Unimpeachable

“The question now is whether it is simply too late to achieve President Bush’s goal of a stable and democratic Iraq “, this from a NY Times November 12 article by David Sanger and Scott Shane. The thought is presented not as conjecture but as fact, his goal not professed, but held. It is hard to think of a more flattering compliment to pay the President, worthy of a sycophant but not a watchdog. Coming as it does at the President’s lowest ebb makes it all the more puzzling.

Then we have the about-face from Representatives Pelosi and Conyers, taking impeachment “off the table”. Quoting from Cindy Sheehan’s open letter of November 12 addressed to them:

 

” BushCo have openly committed egregious crimes which they have all admitted to. The question really isn’t: should they be impeached, but why haven’t they been impeached, removed from office and criminally charged and tried for these crimes, yet?….The investigation and eventual rubber stamp to begin impeachment proceedings against Nixon was a bi-partisan effort and Nixon wasn’t even investigated for the level of crimes that BushCo should be investigated for.”

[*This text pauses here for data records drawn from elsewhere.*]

text \<open>Put \<open>m i j = \<lfloor>w c\<^sub>j l\<^sub>i\<^sub>j\<rfloor>\<close>. If the integers \<open>u\<close> are chosen recursively by
  \<open>u (i+1) = - (m i 1 + m i 2 u 2 + \<dots> + m i i u i)\<close>, then the \<open>i\<close>-th row of \<open>L\<^sub>w\<^sup>*\<close> is
  \<open>r\<^sub>i = - u (i+1) e\<^sub>1 + e\<^sub>i\<^sub>+\<^sub>1 / c\<^sub>i\<^sub>+\<^sub>1\<close> plus an integer combination of \<open>r\<^sub>1, \<dots>, r\<^sub>i\<^sub>-\<^sub>1\<close>,
  so the two matrices generate the same lattice. The rows \<open>r\<^sub>i\<close> generate the vectors of
  \<open>\<Lambda>\<^sub>c\<^sup>*\<close> orthogonal to \<open>\<^bold>u\<close>, and for a lattice \<open>\<Gamma>\<close> spanning the space the dual of its
  projection onto \<open>\<^bold>u\<^sup>\<bottom>\<close> is \<open>\<Gamma>\<^sup>* \<inter> \<^bold>u\<^sup>\<bottom>\<close>. Part (ii) holds entrywise, since
  \<open>\<lfloor>w a\<rfloor> / w \<longlonglongrightarrow> a\<close> while the superdiagonal entries stay bounded.\<close>

section \<open>Lattices generated by rows\<close>

definition trunc :: "nat \<Rightarrow> (nat \<Rightarrow> real) \<Rightarrow> nat \<Rightarrow> real" where
  "trunc n f = (\<lambda>k. if k \<in> {1..n} then f k else 0)"

definition zero_outside :: "nat \<Rightarrow> (nat \<Rightarrow> real) \<Rightarrow> bool" where
  "zero_outside n x \<longleftrightarrow> (\<forall>k. k \<notin> {1..n} \<longrightarrow> x k = 0)"

lemma gen_lattice_iff:
  "x \<in> gen_lattice n m v \<longleftrightarrow> (\<exists>a. x = trunc n (\<lambda>k. \<Sum>i=1..m. of_int (a i) * v i k))"
  by (simp only: gen_lattice_def trunc_def mem_Collect_eq)

lemma gen_lattice_zero: "(\<lambda>_. 0) \<in> gen_lattice n m v"
  unfolding gen_lattice_iff by (rule exI[of _ "\<lambda>_. 0"]) (simp add: trunc_def)

lemma gen_lattice_add:
  assumes "x \<in> gen_lattice n m v" "y \<in> gen_lattice n m v"
  shows "(\<lambda>k. x k + y k) \<in> gen_lattice n m v"
proof -
  obtain a b where "x = trunc n (\<lambda>k. \<Sum>i=1..m. of_int (a i) * v i k)"
    and "y = trunc n (\<lambda>k. \<Sum>i=1..m. of_int (b i) * v i k)"
    using assms unfolding gen_lattice_iff by blast
  then show ?thesis
    unfolding gen_lattice_iff
    by (intro exI[of _ "\<lambda>i. a i + b i"]) (auto simp: trunc_def algebra_simps sum.distrib)
qed

lemma gen_lattice_scale:
  assumes "x \<in> gen_lattice n m v"
  shows "(\<lambda>k. of_int z * x k) \<in> gen_lattice n m v"
proof -
  obtain a where "x = trunc n (\<lambda>k. \<Sum>i=1..m. of_int (a i) * v i k)"
    using assms unfolding gen_lattice_iff by blast
  then show ?thesis
    unfolding gen_lattice_iff
    by (intro exI[of _ "\<lambda>i. z * a i"]) (auto simp: trunc_def algebra_simps sum_distrib_left)
qed

lemma gen_lattice_sum:
  assumes "finite A" "\<And>j. j \<in> A \<Longrightarrow> g j \<in> gen_lattice n m v"
  shows "(\<lambda>k. \<Sum>j\<in>A. g j k) \<in> gen_lattice n m v"
  using assms by (induction A rule: finite_induct) (simp_all add: gen_lattice_zero gen_lattice_add)
(* Let $f:\mathbb{R}^n\to\mathbb{R}$, $g:\mathbb{R}^m\to\mathbb{R}$, $Q:\mathbb{R}^n\times\mathbb{R}^m\to\mathbb{R}\cup\{+\infty\}$ and $L(x,y)=f(x)+Q(x,y)+g(y)$ satisfy: (A1) $L$ is bounded below; $f,g$ are continuously differentiable with $\nabla f$, $\nabla g$ Lipschitz continuous with constants $L_{\nabla f}$, $L_{\nabla g}$; $Q$ is proper and lower semicontinuous; $\phi_1:\mathbb{R}^n\to\mathbb{R}$, $\phi_2:\mathbb{R}^m\to\mathbb{R}$ are differentiable, $\phi_i$ is $\theta_i$-strongly convex with $\theta_1>L_{\nabla f}$, $\theta_2>L_{\nabla g}$, and $\nabla\phi_i$ is $\eta_i$-Lipschitz continuous ($i=1,2$); (A2) $L$ is coercive and $\mathrm{dom}\,Q$ is closed; for all $(x,y)\in\mathrm{dom}\,Q$, $\partial_xQ(x,y)\times\partial_yQ(x,y)\subset\partial Q(x,y)$; and $Q(x,y)=q(x,y)+h(x)$, where $h:\mathbb{R}^n\to\mathbb{R}\cup\{+\infty\}$ is continuous on its domain, $q$ is continuous on $\mathrm{dom}\,Q$, for every $y$ the partial function $q(\cdot,y)$ is continuously differentiable, and for each bounded subset $D_1\times D_2\subset\mathrm{dom}\,Q$ there exists $\xi>0$ such that $\|\nabla_xq(\bar x,y)-\nabla_xq(\bar x,\bar y)\|\le\xi\|y-\bar y\|$ for all $\bar x\in D_1$, $y,\bar y\in D_2$. Let $z_k=(x_k,y_k)$, together with $(\hat x_k,\hat y_k)$, be generated by the following algorithm with initial point $z_0=(x_0,y_0)$: set $(\hat x_0,\hat y_0)=(x_0,y_0)$, choose $\alpha_{\max},\beta_{\max}\ge0$ with $\alpha_{\max}+\beta_{\max}<1$ and $\alpha_k\in[0,\alpha_{\max}]$, $\beta_k\in[0,\beta_{\max}]$; for $k=0,1,\dots$: 1. $x_{k+1}\in\arg\min_{x}\{Q(x,\hat y_k)+\langle\nabla f(\hat x_k),x\rangle+D_{\phi_1}(x,\hat x_k)\}$, $y_{k+1}\in\arg\min_{y}\{Q(x_{k+1},y)+\langle\nabla g(\hat y_k),y\rangle+D_{\phi_2}(y,\hat y_k)\}$; 2. $u_{k+1}=x_{k+1}+\alpha_k(x_{k+1}-x_k)+\beta_k(x_k-x_{k-1})$, $v_{k+1}=y_{k+1}+\alpha_k(y_{k+1}-y_k)+\beta_k(y_k-y_{k-1})$; 3. if $L(u_{k+1},v_{k+1})\le L(x_{k+1},y_{k+1})$ then $(\hat x_{k+1},\hat y_{k+1})=(u_{k+1},v_{k+1})$, else $(\hat x_{k+1},\hat y_{k+1})=(x_{k+1},y_{k+1})$. Let $\mathcal{L}(z_0)$ be the set of cluster points of $\{z_k\}$, i.e. the set of $\hat z\in\mathbb{R}^n\times\mathbb{R}^m$ for which there is a strictly increasing sequence $\{k_j\}$ with $z_{k_j}\to\hat z$. Then: (i) $\mathcal{L}(z_0)$ is a nonempty compact set, and $L$ is finite and constant on $\mathcal{L}(z_0)$; (ii) $\mathcal{L}(z_0)\subset\mathrm{crit}\,L$; (iii) $\lim_{k\to\infty}\mathrm{dist}(z_k,\mathcal{L}(z_0))=0$.
   Context: For a convex differentiable $\phi$, $D_\phi(x,y)=\phi(x)-\phi(y)-\langle\nabla\phi(y),x-y\rangle$ (Bregman distance). $\phi$ is $\theta$-strongly convex if $\phi-\frac\theta2\|\cdot\|^2$ is convex. For a proper lsc $F$, the Fréchet subdifferential $\hat\partial F(x)$ is the set of $v$ with $\liminf_{y\to x}\frac{F(y)-F(x)-\langle v,y-x\rangle}{\|y-x\|}\ge0$ (empty if $x\notin\mathrm{dom}F$), and the (limiting) subdifferential is $\partial F(x)=\{v:\exists x_k\to x, F(x_k)\to F(x), v_k\in\hat\partial F(x_k), v_k\to v\}$. $\partial_xQ$, $\partial_yQ$ are the limiting subdifferentials of the partial functions. $\mathrm{crit}\,L=\{z: 0\in\partial L(z)\}$ is the set of critical points. $(x_{-1},y_{-1})$ in step 2 is a given initial point (e.g. $(x_0,y_0)$). *)

theory Defs
  imports "HOL-Analysis.Analysis"
begin
(* Let $H$ be a weak Hopf algebra, let $E_h=[h_1][S(h_2)]\in{H_{par}^w}$ for $h\in H$, and let ${A_{par}^w}$ be the subalgebra of ${H_{par}^w}$ generated by $\{E_h: h\in H\}$. Then the linear map $H\otimes{A_{par}^w}\to{A_{par}^w}$, $h\otimes a\mapsto h\cdot a=[h_1]\,a\,[S(h_2)]$, is well defined and makes ${A_{par}^w}$ a symmetric partial $H$-module algebra.
   Context: All algebras are associative and unital over a field $\Bbbk$; Sweedler notation $\Delta(h)=h_1\otimes h_2$. A weak Hopf algebra is $(H,m,u,\Delta,\varepsilon,S)$ with $H$ an algebra, $(H,\Delta,\varepsilon)$ a coalgebra, and for all $g,h,k$: $\Delta(kh)=\Delta(k)\Delta(h)$; $\varepsilon(kh_1)\varepsilon(h_2g)=\varepsilon(khg)=\varepsilon(kh_2)\varepsilon(h_1g)$; $(1\otimes\Delta(1))(\Delta(1)\otimes1)=\Delta^2(1)=(\Delta(1)\otimes1)(1\otimes\Delta(1))$; $h_1S(h_2)=\varepsilon(1_1h)1_2$; $S(h_1)h_2=1_1\varepsilon(h1_2)$; $S(h)=S(h_1)h_2S(h_3)$, where $\Delta(1)=1_1\otimes1_2$. ${H_{par}^w}=T(H)/I$, where $T(H)$ is the tensor algebra of the vector space $H$ and $I$ is the ideal generated by, for all $h,k\in H$: $1_H-1_{T(H)}$; $h\otimes k_1\otimes S(k_2)-hk_1\otimes S(k_2)$; $h\otimes S(k_1)\otimes k_2-hS(k_1)\otimes k_2$; $h_1\otimes S(h_2)\otimes k-h_1\otimes S(h_2)k$; $S(h_1)\otimes h_2\otimes k-S(h_1)\otimes h_2k$; $h-h_1\otimes S(h_2)\otimes h_3$; $[h]$ denotes the class of $h$. A symmetric partial $H$-module algebra is an algebra $A$ with a linear map $h\otimes a\mapsto h\cdot a$ such that for all $h,k\in H$, $a,b\in A$: $h\cdot(ab)=(h_1\cdot a)(h_2\cdot b)$; $1_H\cdot a=a$; $h\cdot(k\cdot a)=(h_1\cdot1_A)((h_2k)\cdot a)$; $h\cdot(k\cdot a)=((h_1k)\cdot a)(h_2\cdot1_A)$. *)

theory Defs
  imports Complex_Main "HOL-Library.Poly_Mapping"
begin

text \<open>An element sum_i x_i (x) y_i of H (x) H is
  represented by the list of pairs (x_i, y_i); two such lists denote the same tensor iff all
  bilinear forms H x H -> k take the same value on them (over a field this is exactly equality
  in the tensor product). Likewise for three-fold tensors with trilinear forms.\<close>

definition bilinear_form :: "('k::field \<Rightarrow> 'h::ab_group_add \<Rightarrow> 'h) \<Rightarrow> ('h \<Rightarrow> 'h \<Rightarrow> 'k) \<Rightarrow> bool" where
  "bilinear_form sc \<beta> \<longleftrightarrow>
     (\<forall>x x' y. \<beta> (x + x') y = \<beta> x y + \<beta> x' y) \<and>
     (\<forall>x y y'. \<beta> x (y + y') = \<beta> x y + \<beta> x y') \<and>
     (\<forall>c x y. \<beta> (sc c x) y = c * \<beta> x y) \<and>
     (\<forall>c x y. \<beta> x (sc c y) = c * \<beta> x y)"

And we can certainly adduce the Clinton impeachment proceedings as not rising to the level of offense that we witness from the present administration. The apparent contradiction may be explained by an about-face of another kind– it can be argued that it is precisely the egregiousness of the present crimes that insulates them from official scrutiny.

The Nixon and Clinton cases had a “housecleaning” aspect to them. Both were guilty of inside jobs, Clinton’s being the coarser. As with any housecleaning it was possible to go on feeling good about yourself afterwards. Using the jargon of the banal commercial, “what happens here stays here.”

This is not the case if the Bush/Cheney administration is thoroughly investigated. Planning, preparing, initiating, or waging of a war of aggression reaches the Nuremberg standard. It is a Crime against Peace, the supreme international crime “differing from other war crimes only in that it contains within itself the accumulated evil of the whole”. That would be torture. Humiliation. Terror. This would most certainly not “stay here”.

Instead, such an admission of guilt would sully not just the guilty parties but the abstraction known as the United States of America, its cloak stained for all time. There is immense pressure, much of it self-felt, not to let this happen. Politicians are around to the next election cycle and merely inherit the structure of establishment policy set firmly in place. There will be little collective energy for an upheaval that will shake this establishment. Sadly, for those seeking justice, it was all done in our name.